I have two Vagrant nodes, a cloud controller node and a compute node. I'm using host-only networking. My Vagrantfile looks like this:
Vagrant::Config.run do |config|
config.vm.box = "precise64"
config.vm.define :controller do |controller_config|
controller_config.vm.network :hostonly, "192.168.206.130" # eth1
controller_config.vm.network :hostonly, "192.168.100.130" # eth2
controller_config.vm.host_name = "controller"
end
config.vm.define :compute1 do |compute1_config|
compute1_config.vm.network :hostonly, "192.168.206.131" # eth1
compute1_config.vm.network :hostonly, "192.168.100.131" # eth2
compute1_config.vm.host_name = "compute1"
compute1_config.vm.customize ["modifyvm", :id, "--memory", 1024]
end
end
When I try to start up a (QEMU-based) VM, it boots successfully on compute1, and its virtual nic (vnet0) is connected via a bridge, br100:
root@compute1:~# brctl show 100
bridge name bridge id STP enabled interfaces
br100 8000.08002798c6ef no eth2
vnet0
When the QEMU VM makes a request to the DHCP server (dnsmasq) running on controller, I can see the request reaches the controller because of the output on the syslog on the controller:
Aug 6 02:34:56 precise64 dnsmasq-dhcp[12042]: DHCPDISCOVER(br100) fa:16:3e:07:98:11
Aug 6 02:34:56 precise64 dnsmasq-dhcp[12042]: DHCPOFFER(br100) 192.168.100.2 fa:16:3e:07:98:11
However, the DHCPOFFER never makes it back to the VM running on compute1. If I watch the requests using tcpdump on the vboxnet3 interface on my host machine that runs Vagrant (Mac OS X), I can see both the requests and the replies
$ sudo tcpdump -i vboxnet3 -n port 67 or port 68
tcpdump: WARNING: vboxnet3: That device doesn't support promiscuous mode
(BIOCPROMISC: Operation not supported on socket)

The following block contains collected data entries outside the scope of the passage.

lemma valuation_ge_subgroup:
  assumes "valuation \<nu>"
  shows "0 \<in> {y. \<nu> y \<ge> \<beta>}"
    and "\<forall>x\<in>{y. \<nu> y \<ge> \<beta>}. \<forall>y\<in>{y. \<nu> y \<ge> \<beta>}. x - y \<in> {y. \<nu> y \<ge> \<beta>}"
  using assms valuation_diff[OF assms] unfolding valuation_def
  by (auto intro: order_trans[OF min.boundedI])

lemma Qpow_zero: "Qpow (\<lambda>_. 0) = 1"
  by (simp add: Qpow_def)

lemma Qpow_eq_prod:
  assumes "finite S" "{q. lam q \<noteq> 0} \<subseteq> S"
  shows "Qpow lam = (\<Prod>q\<in>S. q ^ lam q)"
  unfolding Qpow_def by (rule prod.mono_neutral_left) (use assms in auto)

lemma Qpow_fun_upd_add:
  assumes "finite {x. lam x \<noteq> 0}"
  shows "Qpow (lam(q := lam q + i)) = Qpow lam * q ^ i"
proof -
  define S where "S = insert q {x. lam x \<noteq> 0}"
  have "finite S" using assms by (simp add: S_def)
  have "Qpow (lam(q := lam q + i)) = (\<Prod>x\<in>S. x ^ (lam(q := lam q + i)) x)"
    by (rule Qpow_eq_prod[OF \<open>finite S\<close>]) (auto simp: S_def)
  also have "\<dots> = (\<Prod>x\<in>S - {q}. x ^ lam x) * q ^ (lam q + i)"
    using \<open>finite S\<close> by (subst prod.remove[of S q]) (auto simp: S_def mult.commute intro!: prod.cong)
  finally have "Qpow (lam(q := lam q + i)) = (\<Prod>x\<in>S - {q}. x ^ lam x) * q ^ (lam q + i)" .
  moreover have "Qpow lam = (\<Prod>x\<in>S. x ^ lam x)"
    by (rule Qpow_eq_prod[OF \<open>finite S\<close>]) (auto simp: S_def)
  then have "Qpow lam = (\<Prod>x\<in>S - {q}. x ^ lam x) * q ^ lam q"
    using \<open>finite S\<close> by (subst (asm) prod.remove[of S q]) (auto simp: S_def mult.commute)
  ultimately show ?thesis by (simp add: power_add mult.assoc)
qed

definition Q_monomials :: "'a::field poly set \<Rightarrow> nat \<Rightarrow> 'a poly set" where
  "Q_monomials Q D =
     {smult a (Qpow lam) | a lam. lam \<in> NQ Q \<and> (\<forall>q. lam q \<noteq> 0 \<longrightarrow> degree q \<le> D)}"

lemma const_in_Q_monomials: "[:a:] \<in> Q_monomials Q D"
  unfolding Q_monomials_def NQ_def
  by (auto intro!: exI[of _ a] exI[of _ "\<lambda>_. 0"] simp: Qpow_zero)

lemma Q_monomials_mono: "D \<le> D' \<Longrightarrow> Q_monomials Q D \<subseteq> Q_monomials Q D'"
  unfolding Q_monomials_def by fastforce

lemma Q_monomials_mult_power:
  assumes "m \<in> Q_monomials Q D" "q \<in> Q" "degree q \<le> D"
  shows "m * q ^ i \<in> Q_monomials Q D"
proof -
  obtain a lam where m: "m = smult a (Qpow lam)" and lam: "lam \<in> NQ Q"
    and deg: "\<forall>q. lam q \<noteq> 0 \<longrightarrow> degree q \<le> D"
    using assms(1) unfolding Q_monomials_def by blast
  define lam' where "lam' = lam(q := lam q + i)"
  have supp: "{x. lam' x \<noteq> 0} \<subseteq> insert q {x. lam x \<noteq> 0}" by (auto simp: lam'_def)
  have "m * q ^ i = smult a (Qpow lam')"
    using lam by (simp add: m lam'_def NQ_def Qpow_fun_upd_add)
  moreover have "lam' \<in> NQ Q"
    using lam assms(2) finite_subset[OF supp] supp by (auto simp: NQ_def)
  moreover have "\<forall>x. lam' x \<noteq> 0 \<longrightarrow> degree x \<le> D" using supp deg assms(3) by blast
  ultimately show ?thesis unfolding Q_monomials_def by blast
qed

definition sums_of :: "'b::monoid_add set \<Rightarrow> 'b set" where
  "sums_of S = {sum_list xs | xs. set xs \<subseteq> S}"

lemma sums_of_base: "x \<in> S \<Longrightarrow> x \<in> sums_of S"
  unfolding sums_of_def by (intro CollectI exI[of _ "[x]"]) simp

lemma sums_of_mono: "S \<subseteq> T \<Longrightarrow> sums_of S \<subseteq> sums_of T"
  unfolding sums_of_def by blast

lemma sums_of_add:
  assumes "x \<in> sums_of S" "y \<in> sums_of S"
  shows "x + y \<in> sums_of S"
proof -
  obtain xs ys where "x = sum_list xs" "set xs \<subseteq> S" "y = sum_list ys" "set ys \<subseteq> S"
    using assms unfolding sums_of_def by blast
  then have "x + y = sum_list (xs @ ys)" "set (xs @ ys) \<subseteq> S" by auto
  then show ?thesis unfolding sums_of_def by blast
qed

lemma sums_of_sum:
  fixes n :: nat
  shows "(\<And>i. i \<le> n \<Longrightarrow> f i \<in> sums_of S) \<Longrightarrow> (\<Sum>i\<le>n. f i) \<in> sums_of S"
  by (induction n) (simp_all add: sums_of_add)

lemma sums_of_mult_right:
  assumes "x \<in> sums_of S" "\<And>m. m \<in> S \<Longrightarrow> m * c \<in> T"
  shows "x * c \<in> sums_of (T :: 'b::semiring_0 set)"
proof -
  obtain xs where "x = sum_list xs" "set xs \<subseteq> S" using assms(1) unfolding sums_of_def by blast
  then have "x * c = sum_list (map (\<lambda>m. m * c) xs)" "set (map (\<lambda>m. m * c) xs) \<subseteq> T"
    using assms(2) by (auto simp: sum_list_mult_const)
  then show ?thesis unfolding sums_of_def by blast
qed

lemma sums_of_indexed:
  assumes "x \<in> sums_of S"
  obtains r :: nat and f where "\<forall>i<r. f i \<in> S" "x = (\<Sum>i<r. f i)"
proof -
  obtain xs where "x = sum_list xs" "set xs \<subseteq> S" using assms unfolding sums_of_def by blast
  then have "\<forall>i<length xs. xs ! i \<in> S" "x = (\<Sum>i<length xs. xs ! i)"
    by (auto simp: sum_list_sum_nth atLeast0LessThan)
  then show ?thesis by (rule that)
qed

lemma sums_of_subset_add_subgroup_gen: "sums_of S \<subseteq> add_subgroup_gen (S::'b::ab_group_add set)"
proof
  fix x assume "x \<in> sums_of S"
  then obtain xs where x: "x = sum_list xs" "set xs \<subseteq> S" unfolding sums_of_def by blast
  have "sum_list xs \<in> H" if H: "0 \<in> H" "\<forall>x\<in>H. \<forall>y\<in>H. x - y \<in> H" "S \<subseteq> H" for H
  proof -
    have "a + b \<in> H" if "a \<in> H" "b \<in> H" for a b
      using H(2) \<open>0 \<in> H\<close> that by (metis diff_0 diff_minus_eq_add)
    then show ?thesis using x(2) H by (induction xs) auto
  qed
  then show "x \<in> add_subgroup_gen S" unfolding add_subgroup_gen_def x(1) by blast
qed

lemma add_subgroup_gen_least:
  "0 \<in> H \<Longrightarrow> \<forall>x\<in>H. \<forall>y\<in>H. x - y \<in> H \<Longrightarrow> S \<subseteq> H \<Longrightarrow> add_subgroup_gen S \<subseteq> H"
  unfolding add_subgroup_gen_def by blast

lemma sums_of_smult_Qpow:
  assumes "p \<in> sums_of {smult a (Qpow lam) | a lam. P a lam}"
  obtains r :: nat and a lam
  where "\<forall>i<r. P (a i) (lam i)" "p = (\<Sum>i<r. smult (a i) (Qpow (lam i)))"
proof -
  obtain r :: nat and f where f: "\<forall>i<r. f i \<in> {smult a (Qpow lam) | a lam. P a lam}"
    and p: "p = (\<Sum>i<r. f i)"
    using assms by (rule sums_of_indexed)
  then obtain a lam where "\<forall>i<r. f i = smult (a i) (Qpow (lam i)) \<and> P (a i) (lam i)"
    by (simp only: mem_Collect_eq) metis
  moreover from this have "p = (\<Sum>i<r. smult (a i) (Qpow (lam i)))"
    unfolding p by (intro sum.cong) auto
  ultimately show ?thesis using that by blast
qed

lemma sums_of_Q_monomials:
  assumes v: "valuation \<nu>" and cs: "complete_set \<nu> Q"
  shows "p \<in> sums_of {m \<in> Q_monomials Q (degree p). \<nu> m \<ge> \<nu> p}"
proof (induction "degree p" arbitrary: p rule: less_induct)
  case less
  show ?case
  proof (cases "degree p = 0")
    case True
    then obtain a where "p = [:a:]" by (rule degree_eq_zeroE)
    then show ?thesis using const_in_Q_monomials[of a Q "degree p"] by (auto intro: sums_of_base)
  next
    case False
    then obtain q where q: "q \<in> Q" "degree q \<le> degree p" "\<nu> p = qtrunc \<nu> q p"
      using cs unfolding complete_set_def by blast
    have "degree q > 0" using cs q(1) unfolding complete_set_def by blast
    let ?c = "qexp_coeffs q p"
    have "?c i * q ^ i \<in> sums_of {m \<in> Q_monomials Q (degree p). \<nu> m \<ge> \<nu> p}"
      if i: "i \<le> degree p" for i
    proof -
      have dc: "degree (?c i) < degree p"
        using qexp_coeffs_degree[OF \<open>degree q > 0\<close>, of p i] q(2) False by auto
      have trunc: "\<nu> p \<le> \<nu> (?c i * q ^ i)"
        unfolding q(3) qtrunc_def by (rule Min_le) (use i in auto)
      show ?thesis
      proof (rule sums_of_mult_right[OF less[OF dc]])
        fix m assume m: "m \<in> {m \<in> Q_monomials Q (degree (?c i)). \<nu> m \<ge> \<nu> (?c i)}"
        then have "m * q ^ i \<in> Q_monomials Q (degree p)"
          using Q_monomials_mono[of "degree (?c i)" "degree p"] dc q
          by (intro Q_monomials_mult_power) auto
        moreover have "\<nu> (?c i * q ^ i) \<le> \<nu> (m * q ^ i)"
          using v m vadd_mono_left[of "\<nu> (?c i)" "\<nu> m"] unfolding valuation_def by auto
        ultimately show "m * q ^ i \<in> {m \<in> Q_monomials Q (degree p). \<nu> m \<ge> \<nu> p}"
          using trunc by auto
      qed
    qed
    then have "(\<Sum>i\<le>degree p. ?c i * q ^ i)
                 \<in> sums_of {m \<in> Q_monomials Q (degree p). \<nu> m \<ge> \<nu> p}"
      by (rule sums_of_sum)
    then show ?thesis using qexp_coeffs_sum[OF \<open>degree q > 0\<close>, of p] by simp
  qed
qed

theorem mainTheorem1:
  fixes \<nu> :: "'a::field poly \<Rightarrow> 'g::linordered_ab_group_add vext"
    and Q :: "'a poly set"
  assumes "valuation \<nu>" and "complete_set \<nu> Q"
  shows "(\<forall>p. \<exists>(r::nat) (a::nat \<Rightarrow> 'a) lam.
            (\<forall>i<r. lam i \<in> NQ Q) \<and>
            p = (\<Sum>i<r. smult (a i) (Qpow (lam i))) \<and>
            (\<forall>i<r. \<nu> (smult (a i) (Qpow (lam i))) \<ge> \<nu> p) \<and>
            (\<forall>i<r. \<forall>q. lam i q \<noteq> 0 \<longrightarrow> degree q \<le> degree p))
       \<and> (\<forall>\<beta>\<in>range \<nu>.
            {y. \<nu> y \<ge> \<beta>} =
            add_subgroup_gen {smult a (Qpow lam) | a lam.
                               lam \<in> NQ Q \<and> \<nu> (smult a (Qpow lam)) \<ge> \<beta>})"
proof (intro conjI allI ballI)
  fix p
  have "{m \<in> Q_monomials Q (degree p). \<nu> m \<ge> \<nu> p} =
        {smult a (Qpow lam) | a lam. lam \<in> NQ Q \<and> (\<forall>q. lam q \<noteq> 0 \<longrightarrow> degree q \<le> degree p)
                                   \<and> \<nu> (smult a (Qpow lam)) \<ge> \<nu> p}"
    unfolding Q_monomials_def by blast
  with sums_of_Q_monomials[OF assms, of p]
  obtain r :: nat and a lam
    where "\<forall>i<r. lam i \<in> NQ Q \<and> (\<forall>q. lam i q \<noteq> 0 \<longrightarrow> degree q \<le> degree p)
                 \<and> \<nu> (smult (a i) (Qpow (lam i))) \<ge> \<nu> p"
      and "p = (\<Sum>i<r. smult (a i) (Qpow (lam i)))"
    by (auto elim!: sums_of_smult_Qpow)
  then show "\<exists>(r::nat) (a::nat \<Rightarrow> 'a) lam. (\<forall>i<r. lam i \<in> NQ Q) \<and>
            p = (\<Sum>i<r. smult (a i) (Qpow (lam i))) \<and>
            (\<forall>i<r. \<nu> (smult (a i) (Qpow (lam i))) \<ge> \<nu> p) \<and>
            (\<forall>i<r. \<forall>q. lam i q \<noteq> 0 \<longrightarrow> degree q \<le> degree p)"
    by blast
next
  fix \<beta>
  let ?S = "{smult a (Qpow lam) | a lam. lam \<in> NQ Q \<and> \<nu> (smult a (Qpow lam)) \<ge> \<beta>}"
  have "y \<in> sums_of ?S" if "\<nu> y \<ge> \<beta>" for y
  proof -
    have "{m \<in> Q_monomials Q (degree y). \<nu> m \<ge> \<nu> y} \<subseteq> ?S"
      using that unfolding Q_monomials_def by (blast intro: order_trans)
    then show ?thesis using sums_of_Q_monomials[OF assms, of y] sums_of_mono by blast
  qed
  then have "{y. \<nu> y \<ge> \<beta>} \<subseteq> add_subgroup_gen ?S"
    using sums_of_subset_add_subgroup_gen by blast
  moreover have "add_subgroup_gen ?S \<subseteq> {y. \<nu> y \<ge> \<beta>}"
    using valuation_ge_subgroup[OF assms(1), of \<beta>] by (intro add_subgroup_gen_least) auto
  ultimately show "{y. \<nu> y \<ge> \<beta>} = add_subgroup_gen ?S" ..
qed
section \<open>Vertices of the hypersimplex\<close>

lemma weighted_mean_of_unit_interval_eq_01:
  fixes p f :: "'a \<Rightarrow> real"
  assumes "finite I" "\<And>i. i \<in> I \<Longrightarrow> 0 \<le> p i" "sum p I = 1"
    and "\<And>i. i \<in> I \<Longrightarrow> 0 \<le> f i \<and> f i \<le> 1"
    and "(\<Sum>i\<in>I. p i * f i) = e" "e = 0 \<or> e = 1" "i \<in> I" "p i \<noteq> 0"
  shows "f i = e"
  using \<open>e = 0 \<or> e = 1\<close>
proof
  assume "e = 0"
  then have "p i * f i = 0"
    using sum_nonneg_eq_0_iff[OF assms(1), of "\<lambda>j. p j * f j"] assms(2,4,5,7) by auto
  then show ?thesis using \<open>e = 0\<close> \<open>p i \<noteq> 0\<close> by simp
next
  assume "e = 1"
  then have "(\<Sum>i\<in>I. p i * (1 - f i)) = 0"
    using assms(3,5) by (simp add: algebra_simps sum_subtractf)
  then have "p i * (1 - f i) = 0"
    using sum_nonneg_eq_0_iff[OF assms(1), of "\<lambda>j. p j * (1 - f j)"] assms(2,4,7) by auto
  then show ?thesis using \<open>e = 1\<close> \<open>p i \<noteq> 0\<close> by simp
qed

lemma mem_hypersimplex:
  "x \<in> hypersimplex k \<longleftrightarrow> (\<forall>i. 0 \<le> x $ i \<and> x $ i \<le> 1) \<and> (\<Sum>i\<in>UNIV. x $ i) = real k"
  by (simp add: hypersimplex_def)

lemma convex_hypersimplex: "convex (hypersimplex k)"
proof (rule convexI)
  fix x y :: "real ^ 'n" and u v :: real
  assume "x \<in> hypersimplex k" "y \<in> hypersimplex k" "0 \<le> u" "0 \<le> v" "u + v = 1"
  then show "u *\<^sub>R x + v *\<^sub>R y \<in> hypersimplex k"
    by (auto simp: mem_hypersimplex sum.distrib convex_bound_le
        simp flip: sum_distrib_left distrib_right)
qed

lemma zero_one_point_in_hypersimplex_vertices:
  assumes "v \<in> hypersimplex k" "\<And>i. v $ i = 0 \<or> v $ i = 1"
  shows "v \<in> hypersimplex_vertices k"
proof -
  have "v \<notin> open_segment a b" if a: "a \<in> hypersimplex k" and b: "b \<in> hypersimplex k" for a b
  proof
    assume "v \<in> open_segment a b"
    then obtain u where "a \<noteq> b" and u: "0 < u" "u < 1" and v: "v = (1 - u) *\<^sub>R a + u *\<^sub>R b"
      by (auto simp: in_segment)
    have "(if t then b $ i else a $ i) = v $ i" for t i
    proof (rule weighted_mean_of_unit_interval_eq_01[where I=UNIV and p="\<lambda>t. if t then u else 1 - u"])
      show "(\<Sum>t\<in>UNIV. (if t then u else 1 - u) * (if t then b $ i else a $ i)) = v $ i"
        using v by (simp add: UNIV_bool)
      show "0 \<le> (if t then b $ i else a $ i) \<and> (if t then b $ i else a $ i) \<le> 1" for t
        using a b by (simp add: mem_hypersimplex)
    qed (use u assms(2) in \<open>auto simp: UNIV_bool\<close>)
    then have "a = b" by (metis vec_eq_iff)
    with \<open>a \<noteq> b\<close> show False ..
  qed
  then show ?thesis
    using assms(1) by (simp add: hypersimplex_vertices_def extreme_point_of_def)
qed

lemma hypersimplex_vertex_coord_01:
  fixes v :: "real ^ 'n::finite"
  assumes "v \<in> hypersimplex_vertices k"
  shows "v $ i = 0 \<or> v $ i = 1"
proof (rule ccontr)
  assume "\<not> (v $ i = 0 \<or> v $ i = 1)"
  have v: "v \<in> hypersimplex k"
    and extreme: "\<And>a b. a \<in> hypersimplex k \<Longrightarrow> b \<in> hypersimplex k \<Longrightarrow> v \<notin> open_segment a b"
    using assms by (auto simp: hypersimplex_vertices_def extreme_point_of_def)
  have v01: "0 \<le> v $ l \<and> v $ l \<le> 1" for l
    using v by (simp add: mem_hypersimplex)
  with \<open>\<not> (v $ i = 0 \<or> v $ i = 1)\<close> have vi: "0 < v $ i" "v $ i < 1"
    by (auto simp: less_le)
  have "\<exists>j. j \<noteq> i \<and> 0 < v $ j \<and> v $ j < 1"
  proof (rule ccontr)
    assume "\<not> ?thesis"
    then have "(\<Sum>l\<in>UNIV - {i}. v $ l) \<in> \<int>"
      using v01 by (intro Ints_sum) (metis Ints_0 Ints_1 Diff_iff insertI1 less_le)
    moreover have "v $ i = real k - (\<Sum>l\<in>UNIV - {i}. v $ l)"
      using v sum.remove[of UNIV i "vec_nth v"] by (simp add: mem_hypersimplex)
    ultimately have "v $ i \<in> \<int>" by simp
    with vi show False by (auto elim!: Ints_cases)
  qed
  then obtain j where j: "j \<noteq> i" "0 < v $ j" "v $ j < 1" by blast
  define e where "e = min (min (v $ i) (1 - v $ i)) (min (v $ j) (1 - v $ j))"
  have e: "0 < e" "e \<le> v $ i" "e \<le> 1 - v $ i" "e \<le> v $ j" "e \<le> 1 - v $ j"
    using vi j by (auto simp: e_def)
  define d :: "real ^ 'n" where "d = (\<chi> l. (if l = i then e else 0) - (if l = j then e else 0))"
  have "v + d \<in> hypersimplex k" "v - d \<in> hypersimplex k"
    using v01 e j v by (auto simp: mem_hypersimplex d_def sum.distrib sum_subtractf)
  moreover have "v + d \<noteq> v - d"
    using e j by (auto simp: vec_eq_iff d_def intro!: exI[of _ i])
  moreover have "midpoint (v + d) (v - d) = v"
    by (simp add: midpoint_def vec_eq_iff)
  ultimately show False
    using extreme midpoint_in_open_segment[of "v + d" "v - d"] by metis
qed

lemma hypersimplex_vertices_iff:
  fixes v :: "real ^ 'n::finite"
  shows "v \<in> hypersimplex_vertices k \<longleftrightarrow> v \<in> hypersimplex k \<and> (\<forall>i. v $ i = 0 \<or> v $ i = 1)"
  using zero_one_point_in_hypersimplex_vertices hypersimplex_vertex_coord_01
    hypersimplex_vertices_def extreme_point_of_def
  by blast

lemma finite_hypersimplex_vertices: "finite (hypersimplex_vertices k :: (real ^ 'n::finite) set)"
proof (rule finite_subset)
  show "hypersimplex_vertices k \<subseteq> vec_lambda ` ((UNIV :: 'n set) \<rightarrow>\<^sub>E {0::real, 1})"
  proof
    fix v :: "real ^ 'n" assume "v \<in> hypersimplex_vertices k"
    then have "vec_nth v \<in> UNIV \<rightarrow>\<^sub>E {0, 1}"
      by (auto dest: hypersimplex_vertex_coord_01)
    then show "v \<in> vec_lambda ` (UNIV \<rightarrow>\<^sub>E {0::real, 1})"
      by (rule rev_image_eqI) simp
  qed
qed (auto intro!: finite_PiE)

lemma indicator_vec_in_hypersimplex_vertices:
  "(\<chi> l. if l \<in> S then 1 else (0::real)) \<in> hypersimplex_vertices (card (S :: 'n::finite set))"
  by (auto simp: hypersimplex_vertices_iff mem_hypersimplex sum.If_cases)

lemma hypersimplex_edge_exists:
  assumes "0 < k" "k < CARD('n::finite)"
  obtains u w :: "real ^ 'n" and i j
  where "u \<in> hypersimplex_vertices k" "w \<in> hypersimplex_vertices k" "i \<noteq> j"
    and "u $ i = 1" "u $ j = 0" "w $ i = 0" "w $ j = 1" "\<And>l. l \<noteq> i \<Longrightarrow> l \<noteq> j \<Longrightarrow> w $ l = u $ l"
proof -
  obtain S :: "'n set" where S: "card S = k"
    using obtain_subset_with_card_n[of k "UNIV :: 'n set"] assms by auto
  moreover from S assms have "S \<noteq> {}" "S \<noteq> UNIV" by auto
  ultimately obtain i j where "i \<in> S" "j \<notin> S" by blast
  let ?u = "\<chi> l. if l \<in> S then 1 else (0::real)"
  let ?w = "\<chi> l. if l \<in> insert j (S - {i}) then 1 else (0::real)"
  have "card (insert j (S - {i})) = k"
    using S \<open>i \<in> S\<close> \<open>j \<notin> S\<close> assms(1) by (simp add: card.insert_remove card_Diff_singleton)
  then have "?w \<in> hypersimplex_vertices k"
    by (metis indicator_vec_in_hypersimplex_vertices)
  moreover have "?u \<in> hypersimplex_vertices k"
    using S indicator_vec_in_hypersimplex_vertices by blast
  ultimately show ?thesis
    using that[of ?u ?w i j] \<open>i \<in> S\<close> \<open>j \<notin> S\<close> by auto
qed

lemma hypersimplex_face_point_exists:
  assumes "1 < k" "k + 1 < CARD('n::finite)" "e = 0 \<or> e = 1"
  obtains x :: "real ^ 'n"
  where "x \<in> hypersimplex k" "x $ l = e" "\<And>l'. l' \<noteq> l \<Longrightarrow> 0 < x $ l' \<and> x $ l' < 1"
proof -
  define c where "c = (real k - e) / (real CARD('n) - 1)"
  let ?x = "\<chi> l'. if l' = l then e else c"
  have c: "0 < c" "c < 1"
    using assms by (auto simp: c_def)
  have "(\<Sum>l'\<in>UNIV. ?x $ l') = e + (real CARD('n) - 1) * c"
    using sum.remove[of UNIV l "vec_nth ?x"] by (simp add: card_Diff_singleton of_nat_diff)
  also have "\<dots> = real k"
    using assms(2) by (simp add: c_def)
  finally have "?x \<in> hypersimplex k"
    using c assms(3) by (auto simp: mem_hypersimplex)
  then show ?thesis
    using that[of ?x] c by auto
qed

section \<open>Bernstein monomials on the unit cube\<close>

lemma eval_bmono_nonneg: "(\<And>i. 0 \<le> x $ i \<and> x $ i \<le> 1) \<Longrightarrow> 0 \<le> eval_bmono x m"
  unfolding eval_bmono_def by (intro prod_nonneg) auto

tcpdump: verbose output suppressed, use -v or -vv for full protocol decode
listening on vboxnet3, link-type EN10MB (Ethernet), capture size 65535 bytes
22:51:20.694040 IP 0.0.0.0.68 > 255.255.255.255.67: BOOTP/DHCP, Request from fa:16:3e:07:98:11, length 280
22:51:20.694057 IP 0.0.0.0.68 > 255.255.255.255.67: BOOTP/DHCP, Request from fa:16:3e:07:98:11, length 280
22:51:20.696047 IP 192.168.100.1.67 > 192.168.100.2.68: BOOTP/DHCP, Reply, length 311
22:51:23.700845 IP 0.0.0.0.68 > 255.255.255.255.67: BOOTP/DHCP, Request from fa:16:3e:07:98:11, length 280
22:51:23.700876 IP 0.0.0.0.68 > 255.255.255.255.67: BOOTP/DHCP, Request from fa:16:3e:07:98:11, length 280
22:51:23.701591 IP 192.168.100.1.67 > 192.168.100.2.68: BOOTP/DHCP, Reply, length 311
22:51:26.705978 IP 0.0.0.0.68 > 255.255.255.255.67: BOOTP/DHCP, Request from fa:16:3e:07:98:11, length 280
22:51:26.705995 IP 0.0.0.0.68 > 255.255.255.255.67: BOOTP/DHCP, Request from fa:16:3e:07:98:11, length 280
22:51:26.706527 IP 192.168.100.1.67 > 192.168.100.2.68: BOOTP/DHCP, Reply, length 311
But, if I tcpdump on eth2 on compute, I only see the requests, not the replies:
root@compute1:~# tcpdump -i eth2 -n port 67 or port 68
tcpdump: WARNING: eth2: no IPv4 address assigned
tcpdump: verbose output suppressed, use -v or -vv for full protocol decode
listening on eth2, link-type EN10MB (Ethernet), capture size 65535 bytes
02:51:20.240672 IP 0.0.0.0.68 > 255.255.255.255.67: BOOTP/DHCP, Request from fa:16:3e:07:98:11, length 280
02:51:23.249758 IP 0.0.0.0.68 > 255.255.255.255.67: BOOTP/DHCP, Request from fa:16:3e:07:98:11, length 280
02:51:26.258281 IP 0.0.0.0.68 > 255.255.255.255.67: BOOTP/DHCP, Request from fa:16:3e:07:98:11, length 280
At this point, I'm stuck. I'm not sure why the DHCP replies aren't making it to the compute node. Perhaps it has something to do with the configuration of the VirtualBox virtual switch/router?
Note that eth2 interfaces on both nodes have been set to promiscuous mode.